The data —
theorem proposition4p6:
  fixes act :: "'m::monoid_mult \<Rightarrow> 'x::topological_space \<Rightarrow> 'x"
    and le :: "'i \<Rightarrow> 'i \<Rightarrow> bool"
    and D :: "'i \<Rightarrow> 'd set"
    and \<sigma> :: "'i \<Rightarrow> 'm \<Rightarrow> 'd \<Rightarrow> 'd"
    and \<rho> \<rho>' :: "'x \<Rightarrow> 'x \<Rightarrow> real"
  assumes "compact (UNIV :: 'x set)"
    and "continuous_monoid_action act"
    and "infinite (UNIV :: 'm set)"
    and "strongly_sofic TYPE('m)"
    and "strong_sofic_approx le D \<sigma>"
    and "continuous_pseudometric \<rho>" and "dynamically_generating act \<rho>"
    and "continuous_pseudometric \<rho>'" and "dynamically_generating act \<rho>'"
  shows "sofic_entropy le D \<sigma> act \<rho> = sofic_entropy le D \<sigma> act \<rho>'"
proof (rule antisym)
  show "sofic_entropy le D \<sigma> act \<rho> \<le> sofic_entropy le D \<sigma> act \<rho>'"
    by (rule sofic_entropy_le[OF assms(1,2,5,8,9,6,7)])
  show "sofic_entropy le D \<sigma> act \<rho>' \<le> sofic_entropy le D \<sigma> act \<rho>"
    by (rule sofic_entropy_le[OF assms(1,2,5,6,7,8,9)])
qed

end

Task item — Copy exactly the lines that run from the one with "act \<rho> \<le>" to the last line of the material, including both.

Task response —
  show "sofic_entropy le D \<sigma> act \<rho> \<le> sofic_entropy le D \<sigma> act \<rho>'"
    by (rule sofic_entropy_le[OF assms(1,2,5,8,9,6,7)])
  show "sofic_entropy le D \<sigma> act \<rho>' \<le> sofic_entropy le D \<sigma> act \<rho>"
    by (rule sofic_entropy_le[OF assms(1,2,5,6,7,8,9)])
qed

end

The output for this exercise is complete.